La arquitectura tiene su propio ámbito
existencial. Dado que mantiene una relación especialmente corporal con la vida,
en mi opinión, al principio no es mensaje ni signo, sino una cobertura y un
trasfondo de la vida que junto a ella ocurre, un receptáculo sensible para el
ritmo de los pasos del suelo, para la concentración del trabajo, para el sosiego del sueño.
El dibujo arquitectónico intenta traducir en
imagen, del modo más preciso posible, la irradiación del objeto en un
determinado lugar. Pero justamente el empeño puesto en esta representación
puede dejar sentir con especial claridad la ausencia del objeto real, lo que
conlleva que se manifiesta la insuficiencia de toda representación, así como
una curiosidad por la realidad prometida en esa representación y, quizá también
en el caso de que lo prometido nos conmueva, el deseo ardiente de que se haga
presente.
Los detalles deben expresar lo que exija la
idea fundamental del proyecto en su lugar correspondiente: copertenencia o
separación, tensión o ligereza, fricción, solidez, fragilidad.

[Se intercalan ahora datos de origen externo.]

(* Let $\mathcal{A}=\{a_1,a_2,\ldots\}$ be a countably infinite set, let $X$ be a discrete random variable taking values in $\{a_1,\ldots,a_m\}$ for some $m\in\mathbb{N}$, and let $Y$ be a discrete random variable taking values in $\mathcal{A}$. Assume $d_{\mathrm{TV}}(X,Y)\le\eta$ for some $\eta\in(0,1)$. Let $M$ be an integer with $M\ge\max\{m+1,\frac{1}{1-\eta}\}$, and assume that for some $\mu>0$, $$-\sum_{i=M}^\infty P_Y(a_i)\log P_Y(a_i)\le\mu.$$ Then $$|H(X)-H(Y)|\le\eta\log(M-1)+h(\eta)+\mu.$$
   Context: The total variation distance is $d_{\mathrm{TV}}(X,Y) = \frac12\sum_{u\in\mathcal{A}}|P_X(u)-P_Y(u)|$, where $P_X,P_Y$ are the probability mass functions. All logarithms are natural and entropies are in nats, with $0\log0=0$. $h(x) = -x\log x-(1-x)\log(1-x)$ denotes the binary entropy function. *)

theory Defs
  imports "HOL-Probability.Probability"
begin

definition d_tv :: "'a pmf \<Rightarrow> 'a pmf \<Rightarrow> real" where
  "d_tv p q = (1/2) * infsum (\<lambda>u. \<bar>pmf p u - pmf q u\<bar>) UNIV"

text \<open>Shannon entropy in nats; note ln 0 = 0 in Isabelle, so 0 log 0 = 0.\<close>
definition entropy_pmf :: "'a pmf \<Rightarrow> real" where
  "entropy_pmf p = infsum (\<lambda>u. - pmf p u * ln (pmf p u)) UNIV"

definition bin_entropy :: "real \<Rightarrow> real" where
  "bin_entropy x = - x * ln x - (1 - x) * ln (1 - x)"

end

theory Submission
  imports Defs
begin

text \<open>
  Finite part: for distributions p, q on a finite set of size N with
  d_TV(p, q) = d > 0, decompose p = c + e and q = c + f with c = min p q.
  Subadditivity of -x ln x bounds H(p) by H(c) + H(e); an elementary Gibbs
  inequality bounds H(q) from below by H(c) + H(f) - h(d); the excess e
  has mass d on at most N - 1 points, so H(e) <= d ln (N - 1) - d ln d; and
  H(f) >= -d ln d.  This gives |H(p) - H(q)| <= d ln (N - 1) + h(d), and the
  right-hand side is nondecreasing in d on (0, 1 - 1/N].

  Tail part: lumping the tail {M..} of Y into the single atom M yields a
  distribution on {1..M} at the same total variation distance from X, whose
  entropy differs from H(Y) by at most the tail entropy (at most \<mu>), since
  lumping can only decrease -x ln x sums.
\<close>

text \<open>The summand of Shannon entropy; an abbreviation, so it unfolds to \<open>- x * ln x\<close> as in the theorem.\<close>

abbreviation neg_xlnx :: "real \<Rightarrow> real" where
  "neg_xlnx x \<equiv> - x * ln x"

lemma neg_xlnx_nonneg:
  fixes x :: real assumes "0 \<le> x" "x \<le> 1" shows "0 \<le> neg_xlnx x"
  using assms by (cases "x = 0") (auto simp: mult_nonneg_nonpos)

lemma neg_xlnx_subadditive:
  fixes s t :: real assumes "0 \<le> s" "0 \<le> t"
  shows "neg_xlnx (s + t) \<le> neg_xlnx s + neg_xlnx t"
proof (cases "s = 0 \<or> t = 0")
  case False
  then have "s > 0" "t > 0" using assms by auto
  then have "s * ln s \<le> s * ln (s + t)" "t * ln t \<le> t * ln (s + t)"
    by (auto intro: mult_left_mono)
  then show ?thesis by (simp add: algebra_simps)
qed auto

text \<open>The elementary Gibbs inequality \<open>x ln (y/x) \<le> y - x\<close> (from \<open>ln t \<le> t - 1\<close>), in the
  form used repeatedly below.\<close>

lemma gibbs_term:
  fixes x y :: real assumes "0 \<le> x" "0 < y"
  shows "neg_xlnx x \<le> y - x - x * ln y"
proof (cases "x = 0")
  case False
  then have x: "x > 0" using assms by simp
  have "ln (y / x) \<le> y / x - 1" using x assms by (intro ln_le_minus_one) auto
  then have "x * ln (y / x) \<le> x * (y / x - 1)" using x by (intro mult_left_mono) auto
  moreover have "x * ln (y / x) = x * ln y - x * ln x" using x assms by (simp add: ln_div algebra_simps)
  moreover have "x * (y / x - 1) = y - x" using x by (simp add: field_simps)
  ultimately show ?thesis by simp
qed (use assms in auto)

text \<open>Grouping: the entropy contribution of a total mass is at most the sum of the
  contributions of its parts (each part is at most the total, so \<open>ln\<close> of a part is
  at most \<open>ln\<close> of the total).\<close>

lemma neg_xlnx_infsum_superadditive:
  fixes Q :: "'b \<Rightarrow> real"
  assumes nonneg: "\<And>i. i \<in> A \<Longrightarrow> 0 \<le> Q i" and sQ: "Q summable_on A"
    and sH: "(\<lambda>i. neg_xlnx (Q i)) summable_on A"
  shows "neg_xlnx (infsum Q A) \<le> (\<Sum>\<^sub>\<infinity>i\<in>A. neg_xlnx (Q i))"
proof -
  define T where "T = infsum Q A"
  have termwise: "Q i * (- ln T) \<le> neg_xlnx (Q i)" if i: "i \<in> A" for i
  proof (cases "Q i = 0")
    case False
    have "sum Q {i} \<le> T" unfolding T_def using sQ nonneg i by (intro finite_sum_le_infsum) auto
    then have "ln (Q i) \<le> ln T" using False nonneg[OF i] by simp
    then show ?thesis using nonneg[OF i] by (simp add: mult_left_mono)
  qed simp
  have "neg_xlnx T = (\<Sum>\<^sub>\<infinity>i\<in>A. Q i * (- ln T))"
    unfolding T_def using sQ by (subst infsum_cmult_left) auto
  also have "\<dots> \<le> (\<Sum>\<^sub>\<infinity>i\<in>A. neg_xlnx (Q i))"
    using termwise sQ sH by (intro infsum_mono summable_on_cmult_left) auto
  finally show ?thesis unfolding T_def .
qed
lemma alternate_iff_crossing_first_before:
  assumes x: "positions w x = {a, b}" "a < b"
    and y: "positions w y = {c, d}" "c < d"
    and "x \<noteq> y" "a < c"
  shows "alternate w x y \<longleftrightarrow> crossing a b c d"
proof -
  let ?I = "filter (\<lambda>i. w ! i = x \<or> w ! i = y) [0..<length w]"
  have alt: "alternate w x y \<longleftrightarrow> distinct_adj (map (nth w) ?I)"
    unfolding alternate_iff_distinct_adj by (subst filter_conv_map_nth) simp
  have "set ?I = positions w x \<union> positions w y"
    by (auto simp: positions_def)
  then have set_I: "set ?I = {a, b, c, d}"
    using x y by auto
  have sorted_I: "sorted ?I" "distinct ?I"
    by (auto intro: sorted_wrt_filter)
  have nth: "w ! a = x" "w ! b = x" "w ! c = y" "w ! d = y"
    using x y by (simp_all add: nth_of_mem_positions)
  have "b \<noteq> c" "b \<noteq> d" using nth \<open>x \<noteq> y\<close> by auto
  then consider "b < c" | "c < b" "b < d" | "d < b" by linarith
  then show ?thesis
  proof cases
    case 1
    then have "?I = [a, b, c, d]"
      using sorted_distinct_set_unique[OF sorted_I, of "[a, b, c, d]"] set_I x y by simp
    then show ?thesis using 1 nth assms(2,4-6) by (simp add: alt crossing_def)
  next
    case 2
    then have "?I = [a, c, b, d]"
      using sorted_distinct_set_unique[OF sorted_I, of "[a, c, b, d]"] set_I x y \<open>a < c\<close>
      by (simp add: insert_commute)
    then show ?thesis using 2 nth assms(2,4-6) by (simp add: alt crossing_def)
  next
    case 3
    then have "?I = [a, c, d, b]"
      using sorted_distinct_set_unique[OF sorted_I, of "[a, c, d, b]"] set_I x y \<open>a < c\<close>
      by (simp add: insert_commute)
    then show ?thesis using 3 nth assms(2,4-6) by (simp add: alt crossing_def)
  qed
qed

Los detalles, cuando salen bien, no son decoración.
No distraen, no entretienen, sino que conducen a la comprensión del todo, a
cuya esencia necesariamente pertenecen.
La presencia de determinado edificios tiene,
para mí, algo secreto. Parecen simplemente estar ahí. No se les depara ninguna
atención especial, pero sin ellos es casi imposible imaginarse el lugar donde
se erigen. Estos edificios parecen estar fuertemente enraizados en el suelo.
Dan la impresión de ser una parte natural de su entorno, y parecen decir: “Soy
como tú me ves, y pertenezco a este lugar”.
Despierta toda mi pasión poder proyectar
edificios que, con el correr del tiempo, queden soldados de esta manera natural
con la forma y la historia del lugar donde se ubican.
Con cada nuevo edificio se interviene en una
determinada situación histórica. Para la calidad de esta intervención, lo
decisivo es si se logra o no dotar a lo nuevo de propiedades que entren en una
relación de tensión con lo que ya está allí, y que esta relación cree sentido.
Para que lo nuevo pueda encontrar su lugar nos tiene primero que estimular a
ver de una forma nueva lo preexistente. Uno arroja una piedra al agua: la arena
se arremolina y vuelve a asentarse. La perturbación fue necesaria, y la piedra
ha encontrado su sitio. Sin embargo, el estanque ya no es el mismo que antes.
Los edificios que nos impresionan siempre nos
transmiten un sentimiento fuerte de lo que es su espacio. Rodean, de un modo
peculiar, ese misterioso vacío que llamamos espacio y lo hacen vibrar.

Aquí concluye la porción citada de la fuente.